Ys Origin: Análisis Switch. Aroma a vieja escuela

Un juego que ha viajado en el tiempo desde su lanzamiento original en 2006 a nuestros días, y que a pesar de ello sigue siendo igual de divertido y adictivo

700 años antes de los acontecimientos de Ys I & II, el reino de Ys estaba al borde de la destrucción. Las hordas de demonios obligaron a las reinantes Diosas gemelas y a sus súbditos a huir de la superficie. Con sus poderes divinos, las Diosas elevaron el santuario de Solomon y sus inmediaciones hacia los cielos, salvando así a gran parte de los humanos. Sin embargo, los obcecados demonios erigieron una colosal torre con tal de darles caza. El enfrentamiento que tuvo lugar por doquier inició su ascenso para un segundo asalto por todo lo alto. Y un día, entre la confusión y el caos, las Diosas desaparecieron de Ys sin dejar rastro alguno. Tan solo quedaba un lugar al que pudiesen haber ido: la torre del Demonio. Se envió a un grupo de reconocimiento formado por caballeros y hechiceros a la superfície, con la esperanza de recuperar a las deidades fugitivas. Entre sus filas se encontraban Yunica Tovah, aprendiz de caballera, y Hugo Fact, un afligido hechicero.

Deberíamos empezar diciendo que Ys Origin es un juego viejo. Muy viejo. Puede que en Occidente no nos parezca tan antiguo porque a nosotros nos llegó en 2012 para PCs, mientras que la PS4 y Vita lo pusieron a la venta en 2017. Sin embargo, este título salió para el mercado japonés a finales de 2006, y eso es algo que se nota en muchos aspectos del juego, que tampoco han recibido ningún tipo de pulido para ponerlo al día.

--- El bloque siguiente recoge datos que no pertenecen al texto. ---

lemma Omega_tangent_estimates:
  fixes \<delta> :: real
  assumes h: "h \<in> Omega e \<rho> N" and e: "0 < e" "e \<le> 1" and \<rho>: "0 < \<rho>"
    and \<delta>: "\<delta> = 4 * exp (- 1 / (2 * \<rho>))" and small: "8 * real (N+1) * \<delta> \<le> e\<^sup>2"
    and x: "x \<in> {0..1}" and i: "i \<in> {1..N}" and H': "\<bar>H'\<bar> \<le> 2"
  defines "U \<equiv> -1 + (\<Sum>j=1..N+1. layer_sign j * layer e (h j) x)"
    and "w \<equiv> layer_sign i * layer_t e (h i) x + layer_sign (N+1) * layer_t e (h (N+1)) x * H'"
    and "w'' \<equiv> layer_sign i * layer_txx e (h i) x + layer_sign (N+1) * layer_txx e (h (N+1)) x * H'"
  shows "\<bar>w\<bar> \<le> 6 / e" and "\<bar>e\<^sup>2 * w'' - fAC' U * w\<bar> \<le> 360 * real (N+1) * \<delta> / e\<^sup>2"
proof -
  note estimates = Omega_pointwise_estimates[OF h e \<rho> \<delta> small x]
  have "\<bar>layer_t e (h (N+1)) x * H'\<bar> \<le> 2 / e * 2"
    unfolding abs_mult using estimates(3)[of "N+1"] H' e by (intro mult_mono) auto
  moreover have "\<bar>layer_sign (N+1) * layer_t e (h (N+1)) x * H'\<bar> = \<bar>layer_t e (h (N+1)) x * H'\<bar>"
    "\<bar>layer_sign i * layer_t e (h i) x\<bar> \<le> 2 / e"
    using estimates(3)[of i] i by (simp_all add: abs_mult)
  ultimately show "\<bar>w\<bar> \<le> 6 / e"
    unfolding w_def by linarith
  define X where "X = real (N+1) * \<delta> / e\<^sup>2"
  define R where "R l = e\<^sup>2 * layer_txx e (h l) x - fAC' U * layer_t e (h l) x" for l
  have R: "\<bar>R l\<bar> \<le> 120 * X" if "l \<in> {1..N+1}" for l
    using estimates(4)[OF that] by (simp add: R_def X_def U_def algebra_simps)
  have "\<bar>R (N+1)\<bar> * \<bar>H'\<bar> \<le> 120 * X * 2"
    using R[of "N+1"] H' by (rule mult_mono') auto
  then have "\<bar>layer_sign (N+1) * R (N+1) * H'\<bar> \<le> 120 * X * 2"
    by (simp add: abs_mult)
  moreover have "\<bar>layer_sign i * R i\<bar> \<le> 120 * X"
    using R[of i] i by (simp add: abs_mult)
  moreover have "e\<^sup>2 * w'' - fAC' U * w = layer_sign i * R i + layer_sign (N+1) * R (N+1) * H'"
    by (simp add: w_def w''_def R_def algebra_simps)
  ultimately have "\<bar>e\<^sup>2 * w'' - fAC' U * w\<bar> \<le> 360 * X"
    by linarith
  then show "\<bar>e\<^sup>2 * w'' - fAC' U * w\<bar> \<le> 360 * real (N+1) * \<delta> / e\<^sup>2"
    by (simp add: X_def algebra_simps)
qed

lemma abs_mass_map_derivative_le_2:
  fixes \<delta> :: real
  assumes h: "hcomb N \<xi> (H \<xi>) \<in> Omega e \<rho> N" and e: "0 < e" "e \<le> 1" and \<rho>: "0 < \<rho>"
    and \<delta>: "\<delta> = 4 * exp (- 1 / (2 * \<rho>))" and small: "8 * real (N+1) * \<delta> \<le> e\<^sup>2"
    and mass: "mass_map_at e N \<mu> H \<xi>" and i: "i \<in> {1..N}"
  obtains H' where "((\<lambda>s. H (\<xi>(i := \<xi> i + s))) has_real_derivative H') (at 0)" and "\<bar>H'\<bar> \<le> 2"
proof -
  let ?h = "hcomb N \<xi> (H \<xi>)"
  obtain H' where H': "((\<lambda>s. H (\<xi>(i := \<xi> i + s))) has_real_derivative H') (at 0)"
    using mass i unfolding mass_map_at_def real_differentiable_def by blast
  have "\<forall>\<^sub>F s in nhds 0. mass e N (shifted_positions N H \<xi> i s) = \<mu>"
    using mass i by (auto simp: mass_map_at_def shifted_positions_def)
  then have "layer_sign i * layer_mass_t e (\<xi> i) + layer_sign (N+1) * layer_mass_t e (H \<xi>) * H' = 0"
    using e by (intro mass_constraint_derivative[OF _ i H']) auto
  then have product: "\<bar>layer_mass_t e (H \<xi>)\<bar> * \<bar>H'\<bar> = \<bar>layer_mass_t e (\<xi> i)\<bar>"
    by (metis abs_layer_sign abs_minus_cancel abs_mult add_eq_0_iff mult_1)
  have near_minus_2: "\<bar>layer_mass_t e (?h j) + 2\<bar> \<le> 1 / 2" if j: "j \<in> {1..N+1}" for j
  proof (rule layer_mass_t_estimate[OF e])
    obtain k where "layer_configuration e \<delta> N k ?h 0"
      using Omega_layer_configuration[OF h e \<rho> \<delta> small, of 0] by auto
    then show "Uw_tail (- ?h j / e) \<le> \<delta>" "Uw_tail ((1 - ?h j) / e) \<le> \<delta>"
      using layer_configuration.boundary_tails j by blast+
    have "0 < e / \<rho>"
      using e \<rho> by simp
    then show "0 < ?h j" "?h j < 1"
      using Omega_inside[OF h _ j] by auto
    have "8 * \<delta> \<le> 8 * real (N+1) * \<delta>"
      using \<delta> mult_right_mono[of 8 "8 * real (N+1)" \<delta>] by simp
    then show "8 * \<delta> \<le> e\<^sup>2"
      using small by linarith
  qed
  have "\<bar>layer_mass_t e (\<xi> i) + 2\<bar> \<le> 1 / 2" "\<bar>layer_mass_t e (H \<xi>) + 2\<bar> \<le> 1 / 2"
    using near_minus_2[of i] near_minus_2[of "N+1"] i by (auto simp: hcomb_def)
  then have "3 / 2 * \<bar>H'\<bar> \<le> 5 / 2"
    using product mult_right_mono[of "3 / 2" "\<bar>layer_mass_t e (H \<xi>)\<bar>" "\<bar>H'\<bar>"] by linarith
  then show ?thesis
    using that[OF H'] by simp
qed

Esto no significa que Ys Origin sea un mal juego. Los múltiples ports y relanzamientos para consolas modernas de títulos antiguos demuestran que si hay oferta es porque hay demanda, y, dentro del pequeño nicho que la saga Ys tiene para sí, siempre hay demanda de nuevos títulos. Y es que esta es una saga que nos presenta con un estilo de juego frenético en el que debemos machacar botones y movernos a toda prisa para derrotar a las hordas de enemigos que se nos vienen encima, pero siempre con cabeza, pues ciertos combates, especialmente contra los jefes de cada sección, necesitan de mucha estrategia si queremos sobrevivir a ellos. Esto, combinado con una banda sonora que combina el metal con arreglos de violines, ha dado un toque muy característico a la saga.

No obstante, Ys Origin es una excepción con respecto a su franquicia en muchos aspectos, como veremos a continuación.

Historia

La trama nos sitúa 700 años antes de los hechos de Ys I & II, el primer título de la saga, y pretende ahondar en el lore de lo que vimos en la primera aventura del espadachín Adol. De hecho, este es el único título de toda la franquicia en el que no controlaremos al guerrero pelirrojo: en su lugar elegiremos entre Yunica Tovah, una joven aprendiz de caballero armada con un hacha, y Hugo Fact, un hechicero que usa su magia para derrotar a sus enemigos. Una vez hemos completado la historia de cada uno, se nos abrirá un tercer camino, el de la Garra.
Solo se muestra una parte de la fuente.